A Long Era of Low Health Care Inflation May Be Coming to End
Bloomberg
By John Tozzi
February 12, 2018
Since the late 2000s Great Recession, historically low increases in health-care prices have helped hold down inflation. That may be about to change.
Hospital prices increased 2.2 percent in December, the fastest rate in four years, according to an analysis by Altarum, a nonprofit health-care research organization. The group analyzes data from the Bureau of Labor Statistics and other sources to estimate the underlying prices that health plans and consumers pay for medical goods and services.
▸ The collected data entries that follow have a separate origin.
definition classK :: "(real \<Rightarrow> real) \<Rightarrow> bool" where
  "classK \<rho> \<longleftrightarrow> continuous_on {0..} \<rho> \<and> strict_mono_on {0..} \<rho> \<and> \<rho> 0 = 0
      \<and> (\<forall>t \<ge> 0. \<rho> t \<ge> 0)"

end

theory Submission
  imports Defs
begin

(* Along any feasible trajectory the Bellman inequality V x <= L x u + gamma V (f x u) says that
   the rotated stage cost L~ = L + (gamma - 1) V o f dominates V x - V (f x u), with equality
   along the optimal policy, so the first N rotated costs sum to at least V x0 - V x_N.
   Dissipativity (ii) bounds the same partial sums below by sum_k rho |x_k - xs| - 2 sup |lambda|.
   Hence either these rho-sums stay bounded, the trajectory converges to xs and V x_N -> V xs = 0,
   or the partial sums are unbounded above; in both cases the undiscounted cost is at least
   V x0. Along the optimal policy the partial sums V x0 - V x_N are bounded, which forces the
   first case and equality. That V xs = 0 follows from dissipativity (i), which bounds every
   discounted cost from xs below by - lambda xs, and from the policy resting at the steady state. *)

lemma traj_add: "traj f \<pi> (traj f \<pi> x k) j = traj f \<pi> x (j + k)"
  by (induction j) auto

lemma traj_Suc_shift: "traj f \<pi> (f x (\<pi> x)) j = traj f \<pi> x (Suc j)"
  using traj_add[of f \<pi> x 1 j] by simp

lemma traj_fixpoint: "f x (\<pi> x) = x \<Longrightarrow> traj f \<pi> x k = x"
  by (induction k) auto

lemma Lbar_feasible: "h x u \<le> 0 \<Longrightarrow> Lbar h L x u = ereal (L x u)"
  by (simp add: Lbar_def)

lemma Pol_feasible:
  "\<pi> \<in> Pol f h \<Longrightarrow> x \<in> X0set f h \<Longrightarrow> h (traj f \<pi> x k) (\<pi> (traj f \<pi> x k)) \<le> 0"
  unfolding Pol_def by blast

lemma traj_in_X0set:
  assumes "\<pi> \<in> Pol f h" "x \<in> X0set f h"
  shows "traj f \<pi> x k \<in> X0set f h"
  unfolding X0set_def
  by (intro CollectI exI[of _ \<pi>]) (simp add: traj_add Pol_feasible[OF assms])

lemma steady_in_X0set: "f xs us = xs \<Longrightarrow> h xs us \<le> 0 \<Longrightarrow> xs \<in> X0set f h"
  unfolding X0set_def by (intro CollectI exI[of _ "\<lambda>_. us"]) (simp add: traj_fixpoint)

lemma Pol_redirect_steady:
  assumes \<pi>: "\<pi> \<in> Pol f h" and steady: "f xs us = xs" "h xs us \<le> 0"
  shows "(\<lambda>x. if x = xs then us else \<pi> x) \<in> Pol f h"
proof -
  define \<pi>' where "\<pi>' x = (if x = xs then us else \<pi> x)" for x
  have traj_cases: "traj f \<pi>' x0 k = traj f \<pi> x0 k \<or> traj f \<pi>' x0 k = xs" for x0 k
    by (induction k) (auto simp: \<pi>'_def steady)
  have "h (traj f \<pi>' x0 k) (\<pi>' (traj f \<pi>' x0 k)) \<le> 0" if "x0 \<in> X0set f h" for x0 k
    using traj_cases[of x0 k] Pol_feasible[OF \<pi> that, of k] steady by (auto simp: \<pi>'_def)
  then show ?thesis
    unfolding Pol_def \<pi>'_def by blast
qed

lemma disc_cost_feasible:
  assumes "\<pi> \<in> Pol f h" "x0 \<in> X0set f h"
  shows "disc_cost f h L \<gamma> \<pi> x0 =
           liminf (\<lambda>N. ereal (\<Sum>k<N. \<gamma> ^ k * L (traj f \<pi> x0 k) (\<pi> (traj f \<pi> x0 k))))"
  unfolding disc_cost_def total_cost_def
  by (simp add: Lbar_feasible Pol_feasible[OF assms])

lemma disc_cost_step:
  assumes "0 \<le> \<gamma>" "\<pi> \<in> Pol f h" "x \<in> X0set f h"
  shows "disc_cost f h L \<gamma> \<pi> x =
           ereal (L x (\<pi> x)) + ereal \<gamma> * disc_cost f h L \<gamma> \<pi> (f x (\<pi> x))"
proof -
  define D where "D z N = (\<Sum>k<N. \<gamma> ^ k * L (traj f \<pi> z k) (\<pi> (traj f \<pi> z k)))" for z N
  let ?x1 = "f x (\<pi> x)"
  have x1: "?x1 \<in> X0set f h"
    using traj_in_X0set[OF assms(2,3), of 1] by simp
  have D_Suc: "D x (Suc N) = L x (\<pi> x) + \<gamma> * D ?x1 N" for N
    unfolding D_def sum.lessThan_Suc_shift
    by (simp add: traj_Suc_shift sum_distrib_left mult.assoc)
  have "disc_cost f h L \<gamma> \<pi> x = liminf (\<lambda>N. ereal (D x N))"
    unfolding D_def by (rule disc_cost_feasible[OF assms(2,3)])
  also have "\<dots> = liminf (\<lambda>N. ereal (D x (N + 1)))"
    by (rule liminf_shift[symmetric])
  also have "\<dots> = liminf (\<lambda>N. ereal (L x (\<pi> x)) + ereal \<gamma> * ereal (D ?x1 N))"
    by (simp add: D_Suc)
  also have "\<dots> = ereal (L x (\<pi> x)) + liminf (\<lambda>N. ereal \<gamma> * ereal (D ?x1 N))"
    by (rule Liminf_add_ereal_left) auto
  also have "\<dots> = ereal (L x (\<pi> x)) + ereal \<gamma> * liminf (\<lambda>N. ereal (D ?x1 N))"
    by (subst Liminf_ereal_mult_left) (use assms(1) in auto)
  also have "liminf (\<lambda>N. ereal (D ?x1 N)) = disc_cost f h L \<gamma> \<pi> ?x1"
    unfolding D_def by (rule disc_cost_feasible[OF assms(2) x1, symmetric])
  finally show ?thesis .
qed

lemma Vstar_optimal_step:
  assumes "0 \<le> \<gamma>" and \<pi>: "\<pi> \<in> Pol f h"
    and optimal: "\<And>x. x \<in> X0set f h \<Longrightarrow> disc_cost f h L \<gamma> \<pi> x = Vstar f h L \<gamma> x"
    and x: "x \<in> X0set f h"
  shows "Vstar f h L \<gamma> x = ereal (L x (\<pi> x)) + ereal \<gamma> * Vstar f h L \<gamma> (f x (\<pi> x))"
  using disc_cost_step[OF assms(1) \<pi> x] optimal[OF x]
    optimal[OF traj_in_X0set[OF \<pi> x, of 1]] by simp

lemma disc_cost_ge_neg_storage:
  assumes \<gamma>: "0 \<le> \<gamma>" "\<gamma> < 1" and \<pi>: "\<pi> \<in> Pol f h" and x0: "x0 \<in> X0set f h"
    and dissip: "\<And>x u. (x, u) \<in> Zset h \<Longrightarrow> 0 \<le> L x u + lam x - \<gamma> * lam (f x u)"
    and lam_bound: "\<And>x. x \<in> X0set f h \<Longrightarrow> \<bar>lam x\<bar> \<le> B"
  shows "- ereal (lam x0) \<le> disc_cost f h L \<gamma> \<pi> x0"
proof -
  define y where "y = traj f \<pi> x0"
  define D where "D N = (\<Sum>k<N. \<gamma> ^ k * L (y k) (\<pi> (y k)))" for N
  have step: "\<gamma> ^ Suc k * lam (y (Suc k)) - \<gamma> ^ k * lam (y k) \<le> \<gamma> ^ k * L (y k) (\<pi> (y k))" for k
  proof -
    have "0 \<le> L (y k) (\<pi> (y k)) + lam (y k) - \<gamma> * lam (y (Suc k))"
      using dissip Pol_feasible[OF \<pi> x0, of k] by (simp add: Zset_def y_def)
    then have "0 \<le> \<gamma> ^ k * (L (y k) (\<pi> (y k)) + lam (y k) - \<gamma> * lam (y (Suc k)))"
      using \<gamma>(1) by simp
    then show ?thesis
      by (simp add: algebra_simps)
  qed
  have D_lower: "- (\<gamma> ^ N * B) - lam x0 \<le> D N" for N
  proof -
    have "(\<Sum>k<N. \<gamma> ^ Suc k * lam (y (Suc k)) - \<gamma> ^ k * lam (y k)) \<le> D N"
      unfolding D_def by (rule sum_mono) (rule step)
    moreover have "y 0 = x0"
      by (simp add: y_def)
    ultimately have "\<gamma> ^ N * lam (y N) - lam x0 \<le> D N"
      using sum_lessThan_telescope[of "\<lambda>k. \<gamma> ^ k * lam (y k)" N] by simp
    moreover have "- (\<gamma> ^ N * B) \<le> \<gamma> ^ N * lam (y N)"
      using mult_left_mono[OF abs_le_D2[OF lam_bound], of "y N" "\<gamma> ^ N"] \<gamma>(1)
        traj_in_X0set[OF \<pi> x0] by (simp add: y_def)
    ultimately show ?thesis
      by linarith
  qed
  have "(\<lambda>N. - (\<gamma> ^ N * B) - lam x0) \<longlonglongrightarrow> - (0 * B) - lam x0"
    by (intro tendsto_intros LIMSEQ_power_zero) (use \<gamma> in auto)
  then have "liminf (\<lambda>N. ereal (- (\<gamma> ^ N * B) - lam x0)) = ereal (- lam x0)"
    by (intro lim_imp_Liminf tendsto_ereal) auto
  then have "- ereal (lam x0) = liminf (\<lambda>N. ereal (- (\<gamma> ^ N * B) - lam x0))"
    by simp
  also have "\<dots> \<le> liminf (\<lambda>N. ereal (D N))"
    by (intro Liminf_mono) (simp add: D_lower)
  also have "\<dots> = disc_cost f h L \<gamma> \<pi> x0"
    unfolding D_def y_def by (rule disc_cost_feasible[OF \<pi> x0, symmetric])
  finally show ?thesis .
qed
While overall medical inflation was restrained last year, the report warns that “we could very well be at the cusp” of a return to a more typical pattern where increases in health-care prices outpace the broader inflation rate.
“We have lots and lots of experience where health-care prices grow more quickly than economy-wide prices,” said Paul Hughes-Cromwick, co-director of sustainable health spending strategies at Altarum. The reversal in recent years “is not normal,” he said, and he doesn’t expect it to last.
In recent days, financial markets have become more concerned about the potential for a faster-than-expected increase in prices throughout the economy. A report showing strong wage gains by U.S. workers last month helped briefly push stocks into a correction, a retreat of more than 10 percent from their recent peak.
Rising prescription-drug prices have made headlines, but drugs account for only 10 percent of total health spending in the U.S. The bulk of outlays goes to hospitals, doctors, and other professional services. Price increases in those sectors have been restrained, partly because of limits on how much Medicare pays hospitals and physicians under the Affordable Care Act and other legislation.